Absa Bank to replenish its gold units as investors exhaust supply

gold

Absa Bank Limited will list new units of the gold-backed exchange-traded fund (ETF). PHOTO | POOL

South Africa’s Absa Bank Limited will list new units of the gold-backed exchange-traded fund (ETF) after investors bought all that had been supplied on the Nairobi Securities Exchange (NSE).

The bank says it will make an order of 250,000 to 400,000 units for Absa New Gold ETF in the next few days.

The last units of the previous batch of 400,000 units were sold on December 1 after trading 102,700 units worth Sh219.78 million at an average price of Sh2,140.

ALSO READ: Absa profit jumps 30 per cent on increased lending

“Part of our policy is that … we shall restock our depository account with the units within three to five working days,” said Tito Namu, senior equity sales trader at Absa Securities Limited.

“Today’s [December 1] purchase and the fact that we have exhausted all the units is testimony to the fact there is a very decent buying and this means the second year run that we have sold the entire holdings of an ETF at the NSE.”

The gold-backed fund is traded in the same manner as normal shares of companies and its price is based on the Kenya shilling equivalent of the prevailing international market price of gold in US dollars.

Each NewGold security is equivalent to about 1/100th of an ounce of gold, which is held in a secure depository on behalf of investors and is backed by physical gold.

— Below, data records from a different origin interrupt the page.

(* Let $G$ be a finite simple graph on the vertex set $\{1,\dots,n\}$ without cycles of length $3$. Then $E_3^{0,1}(G)=0$, $E_3^{0,2}(G)=0$ and $E_3^{1,1}(G)=0$.
   Context: Let $E$ be a complex elliptic curve, $x,y$ a basis of $H^1(E;\mathbb{Q})$ with $xy$ generating $H^2$. Let $E_2(n)$ be the quotient of the free graded-commutative algebra (for total degree) over $\mathbb{Q}$ on $x_i,y_i$ ($1\le i\le n$) of bidegree $(1,0)$ (pullbacks of $x,y$ along the $i$-th projection $E^n\to E$) and $\omega_{ij}=\omega_{ji}$ ($i\ne j$) of bidegree $(0,1)$ by the relations $(x_i-x_j)\omega_{ij}=0$, $(y_i-y_j)\omega_{ij}=0$, $\omega_{ij}\omega_{jk}+\omega_{jk}\omega_{ki}+\omega_{ki}\omega_{ij}=0$ (distinct $i,j,k$), with the derivation $d_2$ of bidegree $(2,-1)$, $d_2x_i=d_2y_i=0$, $d_2\omega_{ij}=(x_i-x_j)(y_i-y_j)$. For a graph $G$ with edge set $\mathcal{E}$, the graphic elliptic arrangement has complement $M(G)=\{P\in E^n\mid P_i\ne P_j \text{ for all } \{i,j\}\in\mathcal{E}\}$; the second page of the rational Leray spectral sequence of $M(G)\hookrightarrow E^n$ is $E_2(G)$, the sub-differential bigraded algebra of $E_2(n)$ generated by all $x_i,y_i$ and the $\omega_{ij}$ with $\{i,j\}\in\mathcal{E}$. $E_3^{p,q}(G)$ denotes the $d_2$-cohomology of $E_2(G)$ in bidegree $(p,q)$. *)

theory Defs
  imports Complex_Main "HOL-Library.Nat_Bijection"
begin

text \<open>The free graded-commutative algebra over Q on generators of total degree 1
  (x_i, y_i, omega_ij) is the exterior algebra on these generators. We model it
  concretely: an element is a function from finite sets of generators (monomials,
  written in increasing order w.r.t. the injective encoding enc) to rationals.\<close>

datatype gen = X nat | Y nat | W nat nat  \<comment> \<open>W i j stands for omega_ij with i < j\<close>

fun enc :: "gen \<Rightarrow> nat" where
  "enc (X i) = 3 * i"
| "enc (Y i) = 3 * i + 1"
| "enc (W i j) = 3 * prod_encode (i, j) + 2"

fun is_W :: "gen \<Rightarrow> bool" where
  "is_W (W i j) = True"
| "is_W (X i) = False"
| "is_W (Y i) = False"

type_synonym ext = "gen set \<Rightarrow> rat"

definition zero_el :: ext where "zero_el = (\<lambda>_. 0)"
definition mono :: "gen set \<Rightarrow> ext" where "mono S = (\<lambda>T. if T = S then 1 else 0)"
definition gen_el :: "gen \<Rightarrow> ext" where "gen_el g = mono {g}"
definition add :: "ext \<Rightarrow> ext \<Rightarrow> ext" where "add f g = (\<lambda>S. f S + g S)"
definition smul :: "rat \<Rightarrow> ext \<Rightarrow> ext" where "smul c f = (\<lambda>S. c * f S)"
definition sub :: "ext \<Rightarrow> ext \<Rightarrow> ext" where "sub f g = (\<lambda>S. f S - g S)"

definition inv_count :: "gen set \<Rightarrow> gen set \<Rightarrow> nat" where
  "inv_count A B = card {(a, b). a \<in> A \<and> b \<in> B \<and> enc b < enc a}"

definition mul :: "ext \<Rightarrow> ext \<Rightarrow> ext" where
  "mul f g = (\<lambda>S. \<Sum>p\<in>{(A, B). A \<union> B = S \<and> A \<inter> B = {}}.
       (-1) ^ inv_count (fst p) (snd p) * f (fst p) * g (snd p))"

definition xg :: "nat \<Rightarrow> ext" where "xg i = gen_el (X i)"
definition yg :: "nat \<Rightarrow> ext" where "yg i = gen_el (Y i)"
definition om :: "nat \<Rightarrow> nat \<Rightarrow> ext" where "om i j = gen_el (W (min i j) (max i j))"

text \<open>The differential d_2 on generators, extended as a derivation of odd total degree.\<close>
definition dgen :: "gen \<Rightarrow> ext" where
  "dgen g = (case g of W i j \<Rightarrow> mul (sub (xg i) (xg j)) (sub (yg i) (yg j)) | _ \<Rightarrow> zero_el)"

definition dmono :: "gen set \<Rightarrow> ext" where
  "dmono S = (\<lambda>T. \<Sum>g\<in>S. (-1) ^ card {h \<in> S. enc h < enc g} * mul (dgen g) (mono (S - {g})) T)"

definition d2 :: "ext \<Rightarrow> ext" where
  "d2 f = (\<lambda>T. \<Sum>S\<in>{S. f S \<noteq> 0}. f S * dmono S T)"

inductive_set subalg :: "gen set \<Rightarrow> ext set" for Gs :: "gen set" where
  one: "mono {} \<in> subalg Gs"
| gen: "g \<in> Gs \<Longrightarrow> gen_el g \<in> subalg Gs"
| add: "a \<in> subalg Gs \<Longrightarrow> b \<in> subalg Gs \<Longrightarrow> add a b \<in> subalg Gs"
| smul: "a \<in> subalg Gs \<Longrightarrow> smul c a \<in> subalg Gs"
| mul: "a \<in> subalg Gs \<Longrightarrow> b \<in> subalg Gs \<Longrightarrow> mul a b \<in> subalg Gs"

definition gens_all :: "nat \<Rightarrow> gen set" where
  "gens_all n = {X i | i. i \<in> {1..n}} \<union> {Y i | i. i \<in> {1..n}}
     \<union> {W i j | i j. i < j \<and> i \<in> {1..n} \<and> j \<in> {1..n}}"

definition gens_G :: "nat \<Rightarrow> nat set set \<Rightarrow> gen set" where
  "gens_G n Edg = {X i | i. i \<in> {1..n}} \<union> {Y i | i. i \<in> {1..n}}
     \<union> {W i j | i j. i < j \<and> {i, j} \<in> Edg}"

definition relations :: "nat \<Rightarrow> ext set" where
  "relations n =
     {mul (sub (xg i) (xg j)) (om i j) | i j. i \<in> {1..n} \<and> j \<in> {1..n} \<and> i \<noteq> j}
   \<union> {mul (sub (yg i) (yg j)) (om i j) | i j. i \<in> {1..n} \<and> j \<in> {1..n} \<and> i \<noteq> j}
   \<union> {add (add (mul (om i j) (om j k)) (mul (om j k) (om k i))) (mul (om k i) (om i j))
        | i j k. i \<in> {1..n} \<and> j \<in> {1..n} \<and> k \<in> {1..n} \<and> i \<noteq> j \<and> j \<noteq> k \<and> k \<noteq> i}"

The ETF is sold in minimum lots of 100 shares (units) equivalent to one ounce of gold, and in incremental of 100 units.

READ: Absa Bank asset arm launches offshore investment services

The securities were launched in 2017 with a listing of 400,000 units and with a market capitalisation of Sh576 million.

However, due to slow uptake until 2019, the holdings were reduced to 250,000 units through a reverse deposit.

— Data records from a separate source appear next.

lemma valid_word_1_nth_first_one:
  assumes "valid_word 1 t" "first_one t < length t"
  shows "t ! first_one t = One 1"
proof -
  obtain i where "t ! first_one t = One i"
    using nth_first_one[OF assms(2)] by blast
  with valid_word_nth_One[OF assms] show ?thesis
    by (metis le_antisym)
qed

lemma
  assumes "first_one x < length x"
  shows num_ones_remove_first_one: "num_ones x = Suc (num_ones (remove_nth (first_one x) x))"
    and num_twos_remove_first_one: "num_twos (remove_nth (first_one x) x) = num_twos x"
proof -
  obtain i where x: "x = take (first_one x) x @ One i # drop (Suc (first_one x)) x"
    using first_one_split[OF assms] by blast
  have "remove_nth (first_one x) x = take (first_one x) x @ drop (Suc (first_one x)) x"
    by (simp add: remove_nth_def)
  then show "num_ones x = Suc (num_ones (remove_nth (first_one x) x))"
    and "num_twos (remove_nth (first_one x) x) = num_twos x"
    using arg_cong[OF x, of num_ones] arg_cong[OF x, of num_twos] by simp_all
qed

lemma update_before_first_one_split:
  assumes "k < first_one x"
  shows "x = take k x @ Two # drop (Suc k) x" and "x[k := a] = take k x @ a # drop (Suc k) x"
proof -
  have k: "k < length x"
    using assms first_one_le_length by (rule less_le_trans)
  show "x = take k x @ Two # drop (Suc k) x"
    using id_take_nth_drop[OF k] nth_less_first_one[OF assms] by simp
  show "x[k := a] = take k x @ a # drop (Suc k) x"
    using k by (rule upd_conv_take_nth_drop)
qed

lemma num_twos_update_before_first_one:
  assumes "k < first_one x"
  shows "num_twos x = Suc (num_twos (x[k := One j]))"
  using arg_cong[OF update_before_first_one_split(1)[OF assms], of num_twos]
    update_before_first_one_split(2)[OF assms, of "One j"] by simp

lemma update_before_first_one_eq_iff:
  assumes "k < first_one x" "k' < first_one x"
  shows "x[k := One i] = x[k' := One j] \<longleftrightarrow> k = k' \<and> i = j"
proof
  assume eq: "x[k := One i] = x[k' := One j]"
  have k: "k < length x"
    using assms(1) first_one_le_length[of x] by linarith
  have "x[k := One i] ! k = x[k' := One j] ! k"
    using eq by (rule arg_cong)
  with k show "k = k' \<and> i = j"
    using nth_less_first_one[OF assms(1)] by (cases "k = k'") simp_all
qed simp

section \<open>The edges of YF^r\<close>

lemma down_remove_first_one:
  assumes "first_one x < length x"
  shows "down r x (remove_nth (first_one x) x)"
proof -
  obtain i where "x = take (first_one x) x @ One i # drop (Suc (first_one x)) x"
    using first_one_split[OF assms] by blast
  moreover have "\<forall>b\<in>set (take (first_one x) x). \<not> is_one b"
    by (simp add: take_first_one is_one_iff)
  ultimately show ?thesis
    unfolding down_def remove_nth_def by blast
qed

lemma down_update_before_first_one:
  assumes "k < first_one x" "1 \<le> j" "j \<le> r"
  shows "down r x (x[k := One j])"
proof -
  have "\<forall>b\<in>set (take k x). \<not> is_one b"
    using assms(1) by (simp add: take_le_first_one is_one_iff)
  then show ?thesis
    unfolding down_def using update_before_first_one_split[OF assms(1)] assms(2,3) by blast
qed

lemma down_iff:
  "down r x y \<longleftrightarrow>
     (first_one x < length x \<and> y = remove_nth (first_one x) x)
   \<or> (\<exists>k j. k < first_one x \<and> 1 \<le> j \<and> j \<le> r \<and> y = x[k := One j])"
proof
  assume "down r x y"
  then consider (delete) p i q where "x = p @ One i # q" "\<forall>b\<in>set p. \<not> is_one b" "y = p @ q"
    | (replace) p j q where "x = p @ Two # q" "\<forall>b\<in>set p. \<not> is_one b" "1 \<le> j" "j \<le> r"
        "y = p @ One j # q"
    unfolding down_def by blast
  then show "(first_one x < length x \<and> y = remove_nth (first_one x) x)
    \<or> (\<exists>k j. k < first_one x \<and> 1 \<le> j \<and> j \<le> r \<and> y = x[k := One j])"
  proof cases
    case delete
    then have "first_one x = length p" by (simp add: first_one_def is_one_iff)
    with delete show ?thesis by (simp add: remove_nth_def)
  next
    case replace
    then have "length p < first_one x"
      by (simp add: first_one_def is_one_iff)
    with replace show ?thesis by auto
  qed
qed (use down_remove_first_one down_update_before_first_one in blast)

lemma down_cases:
  assumes "down r x y"
  obtains (delete) "first_one x < length x" "y = remove_nth (first_one x) x"
    | (replace) k j where "k < first_one x" "1 \<le> j" "j \<le> r" "y = x[k := One j]"
  using assms unfolding down_iff by blast

lemma down_append:
  assumes "down r y y'"
  shows "down r (y @ u) (y' @ u)"
  using assms
proof (cases rule: down_cases)
  case delete
  then have "first_one (y @ u) = first_one y"
    by (simp add: first_one_append first_one_less_length_iff)
  with delete show ?thesis
    by (simp add: down_iff remove_nth_def)
next
  case (replace k j)
  then have "k < first_one (y @ u)" and "k < length y"
    using first_one_append_le[of y u] first_one_le_length[of y] by linarith+
  moreover have "y' @ u = (y @ u)[k := One j]"
    using replace(4) \<open>k < length y\<close> by (simp add: list_update_append1)
  ultimately show ?thesis
    using replace(2,3) unfolding down_iff by blast
qed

Absa added an extra 400,000 units in 2020, bringing the number of holdings that have been offered in the Kenyan market to 650,000 units (6,500 ounces).

Gold is traditionally used as a hedge against inflation and is considered a safe haven asset at times of geopolitical risk such as wars.

The price of the ETF at the Nairobi bourse had increased from Sh1,470 in January 2020 to hit an all-time high of Sh2,140 on Thursday last week.

In the Kenyan market, it has pulled interest from high-net-worth investors and both local and offshore fund managers who hold part of their assets in gold.